Lo stesso discorso può farsi per i farmacisti - ai miei occhi ridicolizzati dall'assurda battaglia contro la commercializzazione dei farmaci nei supermarket - o per i tassisti (che, incredibilmente ed immeritatamente, hanno vinto la loro battaglia su tutto il fronte).
Le conclusioni a cui da tempo - e senza particolare originalità, lo ammetto - sono giunto sono poco confortanti: noi italiani, oggi, siamo gente (un popolo, francamente, non direi) disposta a tutto pur di non cambiare nulla. In tutto ciò scorgo con orrore qualcosa di sordido, di laicamente immorale, di disgustoso, il riecheggiare del ritornello "Franza o Spagna, basta che se magna", l'assoluta indifferenza morale, il disimpegno etico più disgustoso ed il qualunquismo più spericolato. Noi italiani incarniamo l'antimodello del civis: abbiamo solo diritti, nessun dovere; tutto ci è dovuto, in cambio di nulla.
Quale eredità, culturale ed etica, ci accingiamo a trasmettere ai nostri figli?
Io - che di figli non ne ho - sono molto preoccupato. Anzi, allarmato!
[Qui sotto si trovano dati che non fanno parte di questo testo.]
lemma reciprocal_integral_block:
  assumes z: "z > 0" "z / 2 \<ge> a"
  shows "ennreal (2 powr (-1 - \<alpha>) * (z powr \<alpha> / \<sigma> z)) \<le> reciprocal_integral {z/2<..z}"
proof -
  define k where "k = (z / 2) powr \<alpha> / \<sigma> z / z"
  have \<sigma>z: "\<sigma> z > 0" using weight_pos z by simp
  have "2 powr (-1 - \<alpha>) * (z powr \<alpha> / \<sigma> z) = k * (z - z / 2)"
    unfolding k_def using z \<sigma>z by (simp add: powr_divide powr_diff powr_minus_divide field_simps)
  moreover have "k \<ge> 0" unfolding k_def using z \<sigma>z by simp
  ultimately have "ennreal (2 powr (-1 - \<alpha>) * (z powr \<alpha> / \<sigma> z)) = ennreal k * ennreal (z - z / 2)"
    using z by (simp only: ennreal_mult)
  also have "\<dots> = (\<integral>\<^sup>+ t. ennreal k * indicator {z/2<..z} t \<partial>lborel)"
    using z by (simp add: nn_integral_cmult_indicator)
  also have "\<dots> \<le> reciprocal_integral {z/2<..z}" unfolding reciprocal_integral_def
  proof (rule nn_integral_mono)
    fix t :: real
    show "ennreal k * indicator {z/2<..z} t \<le> ennreal (t powr \<alpha> / weight_ext t / t) * indicator {z/2<..z} t"
    proof (cases "t \<in> {z/2<..z}")
      case True
      hence t: "z / 2 < t" "t \<le> z" "t > 0" "t \<ge> a" using z by auto
      have \<sigma>t: "\<sigma> t > 0" using weight_pos t by simp
      have "(z / 2) powr \<alpha> / \<sigma> z \<le> t powr \<alpha> / \<sigma> t"
        using t z alpha_pos \<sigma>t by (intro frac_le powr_mono2 weight_mono) auto
      hence "k \<le> t powr \<alpha> / \<sigma> t / z" unfolding k_def using z by (intro divide_right_mono) auto
      also have "\<dots> \<le> t powr \<alpha> / \<sigma> t / t" using t \<sigma>t by (intro divide_left_mono) auto
      finally show ?thesis using True t by (simp add: ennreal_leI weight_ext_eq)
    qed simp
  qed
  finally show ?thesis .
qed
text \<open>
  The sum of the radicals of the summands lies in the radical of X: if P is M-prime in X and
  does not contain the summand X_\<lambda>, then P \<inter> X_\<lambda> is M-prime in X_\<lambda>.

  Conversely, let \<pi> be the projection of X onto X_\<lambda> along the other summands. For an
  M-prime Q of X_\<lambda>, the preimage of Q under \<pi> is M-prime in X, because N\<cdot>\<pi>(Z) = \<pi>(N\<cdot>Z) for
  every submodule Z of X. This identity is where projectivity of M in \<sigma>[M] is used: every
  homomorphism from M to \<pi>(Z)/\<pi>(N\<cdot>Z) lifts to Z, hence kills N. So the \<lambda>-component \<pi>(x) of any
  x \<in> rad_M(X) lies in every M-prime of X_\<lambda>.
\<close>

lemma
  assumes "lmodule R X"
  shows lmodule_ring: "ring R"
    and lmodule_abelian_group: "abelian_group X"
    and lmodule_smult_closed: "\<lbrakk>a \<in> carrier R; x \<in> carrier X\<rbrakk> \<Longrightarrow> smult X a x \<in> carrier X"
    and lmodule_add_smult: "\<lbrakk>a \<in> carrier R; b \<in> carrier R; x \<in> carrier X\<rbrakk> \<Longrightarrow>
      smult X (a \<oplus>\<^bsub>R\<^esub> b) x = smult X a x \<oplus>\<^bsub>X\<^esub> smult X b x"
    and lmodule_smult_add: "\<lbrakk>a \<in> carrier R; x \<in> carrier X; y \<in> carrier X\<rbrakk> \<Longrightarrow>
      smult X a (x \<oplus>\<^bsub>X\<^esub> y) = smult X a x \<oplus>\<^bsub>X\<^esub> smult X a y"
    and lmodule_smult_assoc: "\<lbrakk>a \<in> carrier R; b \<in> carrier R; x \<in> carrier X\<rbrakk> \<Longrightarrow>
      smult X (a \<otimes>\<^bsub>R\<^esub> b) x = smult X a (smult X b x)"
    and lmodule_smult_one: "x \<in> carrier X \<Longrightarrow> smult X \<one>\<^bsub>R\<^esub> x = x"
  using assms by (simp_all add: lmodule_def)

lemma additive_abelian_group_homI:
  assumes "abelian_group X" "abelian_group Y" "f \<in> carrier X \<rightarrow> carrier Y"
    and "\<And>x y. \<lbrakk>x \<in> carrier X; y \<in> carrier X\<rbrakk> \<Longrightarrow> f (x \<oplus>\<^bsub>X\<^esub> y) = f x \<oplus>\<^bsub>Y\<^esub> f y"
  shows "abelian_group_hom X Y f"
  using assms
  by (intro abelian_group_homI group_hom.intro group_hom_axioms.intro abelian_group.a_group)
    (auto simp: hom_def)

lemma smult_abelian_group_hom:
  assumes "lmodule R X" "a \<in> carrier R"
  shows "abelian_group_hom X X (smult X a)"
  using assms
  by (intro additive_abelian_group_homI lmodule_abelian_group) (auto simp: lmodule_smult_closed lmodule_smult_add)

lemma lmodule_smult_zero:
  "\<lbrakk>lmodule R X; a \<in> carrier R\<rbrakk> \<Longrightarrow> smult X a \<zero>\<^bsub>X\<^esub> = \<zero>\<^bsub>X\<^esub>"
  by (rule abelian_group_hom.hom_zero[OF smult_abelian_group_hom])

lemma
  assumes "hom_mod R X Y f"
  shows hom_mod_closed: "x \<in> carrier X \<Longrightarrow> f x \<in> carrier Y"
    and hom_mod_add: "\<lbrakk>x \<in> carrier X; y \<in> carrier X\<rbrakk> \<Longrightarrow> f (x \<oplus>\<^bsub>X\<^esub> y) = f x \<oplus>\<^bsub>Y\<^esub> f y"
    and hom_mod_smult: "\<lbrakk>a \<in> carrier R; x \<in> carrier X\<rbrakk> \<Longrightarrow> f (smult X a x) = smult Y a (f x)"
  using assms by (auto simp: hom_mod_def)

lemma hom_mod_abelian_group_hom:
  "\<lbrakk>abelian_group X; abelian_group Y; hom_mod R X Y f\<rbrakk> \<Longrightarrow> abelian_group_hom X Y f"
  by (rule additive_abelian_group_homI) (auto simp: hom_mod_def)

lemma hom_mod_id: "hom_mod R X X (\<lambda>x. x)"
  by (simp add: hom_mod_def)

lemma hom_mod_comp: "\<lbrakk>hom_mod R X Y f; hom_mod R Y Z g\<rbrakk> \<Longrightarrow> hom_mod R X Z (\<lambda>x. g (f x))"
  by (auto simp: hom_mod_def Pi_def)

lemma hom_mod_inv_into:
  assumes "lmodule R X" "hom_mod R X Y f" "bij_betw f (carrier X) (carrier Y)"
  shows "hom_mod R Y X (inv_into (carrier X) f)"
proof -
  interpret abelian_group X using assms(1) by (rule lmodule_abelian_group)
  let ?g = "inv_into (carrier X) f"
  have g: "?g y \<in> carrier X" "f (?g y) = y" if "y \<in> carrier Y" for y
    using that assms(3) by (auto simp: bij_betw_def inv_into_into f_inv_into_f)
  have gf: "?g (f x) = x" if "x \<in> carrier X" for x
    using that assms(3) by (simp add: bij_betw_imp_inj_on inv_into_f_f)
  show ?thesis unfolding hom_mod_def
  proof (intro conjI ballI)
    fix x y assume "x \<in> carrier Y" "y \<in> carrier Y"
    then show "?g (x \<oplus>\<^bsub>Y\<^esub> y) = ?g x \<oplus>\<^bsub>X\<^esub> ?g y"
      using gf[of "?g x \<oplus>\<^bsub>X\<^esub> ?g y"] hom_mod_add[OF assms(2)] g by simp
  next
    fix a x assume "a \<in> carrier R" "x \<in> carrier Y"
    then show "?g (smult Y a x) = smult X a (?g x)"
      using gf[of "smult X a (?g x)"] hom_mod_smult[OF assms(2)] lmodule_smult_closed[OF assms(1)] g
      by simp
  qed (use g in auto)
qed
Spero di essere ipocondriaco.
Ciao,
Io sono un praticante presso studio legale e confermo quanto detto dal signore di cui sopra ... la sala avvocati del Tribunale Civile di Roma sembra una bisca d'infimo ordine !
Sorvolo sulle considerazioni sull'attività della pratica, certamente le conoscerete tutte ("manco un panettone a Natale !") ... Un modo come un altro per sfruttare la confusione da post-laurea.
Saluti,
P.
Ma quando in italia impareremo di nuovo un metodo per mandare tutti affarinculo.
@Gianluca:
come non essere d'accordo con te?
Perchè hai "nascosto" queste tue riflessioni in un commento e non le hai postate direttamente anche sul tuo interessante blog?
Ciao
@ herr doktor
perché qui, probabilmente, sarò più letto che non sul mio blog da 15 lettori! :-)
Ti ringrazio, comunque, per aver linkato il mio modesto scrittoio. Provvederò a ricambiare la gentilezza, avendo trovato il tuo blog molto interessante.